# Tell me about Aberdeen...



## starry23 (2 April 2014)

I'm on the hunt for a better job and have seen one in Aberdeen but I want to find out a few things before I apply as I need to know the move is feasible for me!

I know Aberdeen is more expensive in general but by how much?! How much is rent for a one bed unfurnished flat? Petrol prices? Is food more expensive in general too? I have been up to visit a friend a couple of times but not noticed a huge difference except for the price of drinks on a night out!

How are the livery costs? My horse is retired so I'd really just be looking for grass livery which is what she is on at the moment or DIY if I really couldn't find a field! Are there places that offer this? I know just grass livery isn't all that common in Glasgow.

(I don't know Aberdeen too well so not sure on areas but the job is near Robert Gordon Uni)


----------



## Overgrown Pony (2 April 2014)

I live in Aberdeen.  There's plenty work here in the oil & gas sector so you shouldn't struggle to find a job.

My livery (DIY grass with use of all-weather arena, good hacking and stable to tack up etc in) which is about 15 mins from town is £140 pcm.  

I live AB21 0QU (just outside Whiterashes) and have a couple of acres of fantastic grazing next to my house I may be willing to rent out.  

My tip would be to look for somewhere to stay out of town to keep the costs down.  You'll pay through the nose for a crappy little 1 bedroom flat in town!

If I were you i'd sort out your horses livery space asap as 3 of the big equestrian centres have just shut down and people are fighting for spaces!

Good luck x


----------



## starry23 (2 April 2014)

Thanks for replying!

Hmmm I'm not sure it would really be a great move for me then. My current grass livery with facilities is only £15/week so about half what you have said (and my horse is quite happy, I'd feel so bad taking her away from the current yard after everything). I'm going to have a look online tonight at flat etc to sus out various areas (as, like I said, I have no idea what is where in Aberdeen!).

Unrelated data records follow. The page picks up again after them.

(* Assume the capacities satisfy (C1)–(C3), and let $G_N$ (Poissonian random graph), $G_N'$, $H_N$, $H_N'$, $\mathcal A_N$ and $c_N=N^\xi$ be as described below. Then for $N$ sufficiently large, every $t\in\mathbb N$ and every $b\in(0,1)$, $$\mathbb P(H_N\ne H_N')\le \mathbb P(\mathcal A_N^c)+\mathbb P(H_N>2t)+2t\,\mathbb P(|\mathcal N_{t-1}|>N^b)+O(tN^{-1+b}c_N^4).$$
   Context: Capacities $\lambda_1,\dots,\lambda_N>0$ deterministic; $l_N=\sum_i\lambda_i$, $\mu_N=\frac1N\sum_i\lambda_i$, $\nu_N=\sum_i\lambda_i^2/\sum_i\lambda_i$, $f^{(N)}_n=\frac1N\sum_i e^{-\lambda_i}\frac{\lambda_i^n}{n!}$, $g^{(N)}_n=\frac{1}{N\mu_N}\sum_i e^{-\lambda_i}\frac{\lambda_i^{n+1}}{n!}$; $d_{TV}(p,q)=\frac12\sum_j|p_j-q_j|$. (C1): there are $\mu\in(0,\infty)$, $\nu\in(1,\infty)$, $\alpha_1>0$ with $|\mu_N-\mu|,|\nu_N-\nu|=O(N^{-\alpha_1})$. (C2): there are $N$-independent sequences $f,g$ and $\alpha_2>0$ with $d_{TV}(f^{(N)},f),d_{TV}(g^{(N)},g)=O(N^{-\alpha_2})$. (C3): there is $\tau>3$ such that for every $\varepsilon>0$ (with $\gamma:=\frac1{\tau-1}+\varepsilon<\frac12$), $\limsup_N\frac1N\sum_i\lambda_i^{\tau-1-\varepsilon}<\infty$ and $\max_i\lambda_i\le N^\gamma$. $G_N$: Poissonian random graph (independent Poisson$(\lambda_i\lambda_j/l_N)$ numbers of edges between distinct $i,j$; connection probability $p_{ij}=1-e^{-\lambda_i\lambda_j/l_N}$). $G_N'$: independent edge indicators with $p'_{ij}=h(\lambda_i\lambda_j/l_N)$, $h:[0,\infty)\to[0,1]$, $h(x)-x=O(x^2)$ as $x\downarrow0$. Coupling: independently over $i<j$, $(\hat X_{ij},\hat X'_{ij},K_{ij})$ takes values $(1,1,0),(1,0,1),(0,1,1),(0,0,0)$ with probabilities $\min\{p_{ij},p'_{ij}\}$, $p_{ij}-\min\{p_{ij},p'_{ij}\}$, $\max\{p_{ij},p'_{ij}\}-p_{ij}$, $1-\max\{p_{ij},p'_{ij}\}$; $\hat X_{ij},\hat X'_{ij}$ are the connection indicators of $G_N,G_N'$; $K_{ji}=K_{ij}$, $K_i=\sum_{j\ne i}K_{ij}$. For $\xi>0$, $c_N=N^\xi$ and $\mathcal A_N=\{\sum_{i}K_i\mathbf 1\{\lambda_i>c_N\}=0\}$. $H_N$, $H_N'$ are the graph distances ($+\infty$ if disconnected) between the same two distinct uniformly chosen nodes $A_1\ne A_2$ in $G_N$, $G_N'$. For a uniformly chosen node $A$, $\mathcal N_t=\{1\le j\le N: d(A,j)\le t\}$ where $d$ is graph distance in $G_N$. *)

theory Defs
  imports "HOL-Probability.Probability" "HOL-Library.Landau_Symbols" "HOL-Library.Extended_Nat"
begin

text \<open>Capacities: lam N i is the capacity lambda_i of node i (nodes are 0,...,N-1)
  in the N-th graph.\<close>

definition lN :: "(nat \<Rightarrow> nat \<Rightarrow> real) \<Rightarrow> nat \<Rightarrow> real" where
  "lN lam N = (\<Sum>i<N. lam N i)"

definition muN :: "(nat \<Rightarrow> nat \<Rightarrow> real) \<Rightarrow> nat \<Rightarrow> real" where
  "muN lam N = (1 / real N) * (\<Sum>i<N. lam N i)"

definition nuN :: "(nat \<Rightarrow> nat \<Rightarrow> real) \<Rightarrow> nat \<Rightarrow> real" where
  "nuN lam N = (\<Sum>i<N. (lam N i)^2) / (\<Sum>i<N. lam N i)"

definition fN :: "(nat \<Rightarrow> nat \<Rightarrow> real) \<Rightarrow> nat \<Rightarrow> nat \<Rightarrow> real" where
  "fN lam N n = (1 / real N) * (\<Sum>i<N. exp (- lam N i) * (lam N i)^n / fact n)"

definition gN :: "(nat \<Rightarrow> nat \<Rightarrow> real) \<Rightarrow> nat \<Rightarrow> nat \<Rightarrow> real" where
  "gN lam N n = (1 / (real N * muN lam N)) * (\<Sum>i<N. exp (- lam N i) * (lam N i)^(n+1) / fact n)"

definition dTV :: "(nat \<Rightarrow> real) \<Rightarrow> (nat \<Rightarrow> real) \<Rightarrow> real" where
  "dTV p q = (1/2) * (\<Sum>j. \<bar>p j - q j\<bar>)"

text \<open>Unordered pairs of distinct nodes, represented as (i,j) with i<j<N.\<close>
definition pairsN :: "nat \<Rightarrow> (nat \<times> nat) set" where
  "pairsN N = {(i,j). i < j \<and> j < N}"

definition wN :: "(nat \<Rightarrow> nat \<Rightarrow> real) \<Rightarrow> nat \<Rightarrow> nat \<Rightarrow> nat \<Rightarrow> real" where
  "wN lam N i j = lam N i * lam N j / lN lam N"

definition pN :: "(nat \<Rightarrow> nat \<Rightarrow> real) \<Rightarrow> nat \<Rightarrow> nat \<Rightarrow> nat \<Rightarrow> real" where
  "pN lam N i j = 1 - exp (- wN lam N i j)"

definition pN' :: "(real \<Rightarrow> real) \<Rightarrow> (nat \<Rightarrow> nat \<Rightarrow> real) \<Rightarrow> nat \<Rightarrow> nat \<Rightarrow> nat \<Rightarrow> real" where
  "pN' h lam N i j = h (wN lam N i j)"

text \<open>Law of the coupled triple (X_ij, X'_ij, K_ij) for a single pair.\<close>
definition coup :: "real \<Rightarrow> real \<Rightarrow> (bool \<times> bool \<times> bool) pmf" where
  "coup p p' = embed_pmf (\<lambda>v.
     if v = (True, True, False) then min p p'
     else if v = (True, False, True) then p - min p p'
     else if v = (False, True, True) then max p p' - p
     else if v = (False, False, False) then 1 - max p p'
     else 0)"

definition edge_pmf :: "(real \<Rightarrow> real) \<Rightarrow> (nat \<Rightarrow> nat \<Rightarrow> real) \<Rightarrow> nat
     \<Rightarrow> (nat \<times> nat \<Rightarrow> bool \<times> bool \<times> bool) pmf" where
  "edge_pmf h lam N = Pi_pmf (pairsN N) (False, False, False)
     (\<lambda>(i,j). coup (pN lam N i j) (pN' h lam N i j))"

type_synonym config = "nat \<times> nat \<Rightarrow> bool \<times> bool \<times> bool"

definition Xhat :: "config \<Rightarrow> nat \<Rightarrow> nat \<Rightarrow> bool" where
  "Xhat \<omega> i j = (i \<noteq> j \<and> fst (\<omega> (min i j, max i j)))"

definition Xhat' :: "config \<Rightarrow> nat \<Rightarrow> nat \<Rightarrow> bool" where
  "Xhat' \<omega> i j = (i \<noteq> j \<and> fst (snd (\<omega> (min i j, max i j))))"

I have a biology degree unfortunately (isn't so useful when it comes to oil and gas). The job I have seen is a permanent position and is a fair bit more that I'm currently getting but I worry that by the time you take into account the cost of living I'd end up either worse off or breaking even like I am just now. I'm looking for a better job as I'm totally stuck in a rut financially and personally. I'd love a bit more money so I could afford a 2nd horse I could ride but right now I can't afford it or much else fun after vet bills and everything else! There is nowhere I can go in current job and I'm bored so I want something that is a bit more engaging with better career prospects really, again I'm not sure there are great prospects with the Aberdeen job however the job sounds a bit more up my street and the money is tempting. I'm just trying to weigh up my options! Thanks again


----------



## spookypony (2 April 2014)

For a decent 1-bedroom flat in Aberdeen itself, you'd need to budget 500--700 depending on the area. The cheapest you'll get grass livery very close to Aberdeen is in the range of 85--90/month. At the yard I'm thinking of, that includes hay, storage/good facilities, a sand school, and access to excellent hacking. So not bad!


----------



## starry23 (2 April 2014)

Thanks spookypony!

That livery price isn't much more than I am paying just now for the same so sounds very reasonable. I just can't believe how much the rent is. I spoke to a friend who shares a 2-bed flat with someone and pays nearly £500 per month excluding bills (also had a google and the unfurnished 1 bed flats that came up were all between £700-1000/month but that could have just been because I typed "Aberdeen" rather than a specific area/postcode). I can pay my rent, gas, electric, phone/broadband, council tax and mobile with that currently and I might still have a little left over. I think the price jump in rent alone makes the move a bit pointless for me as I know I'm very lucky with my cheap little flat just now.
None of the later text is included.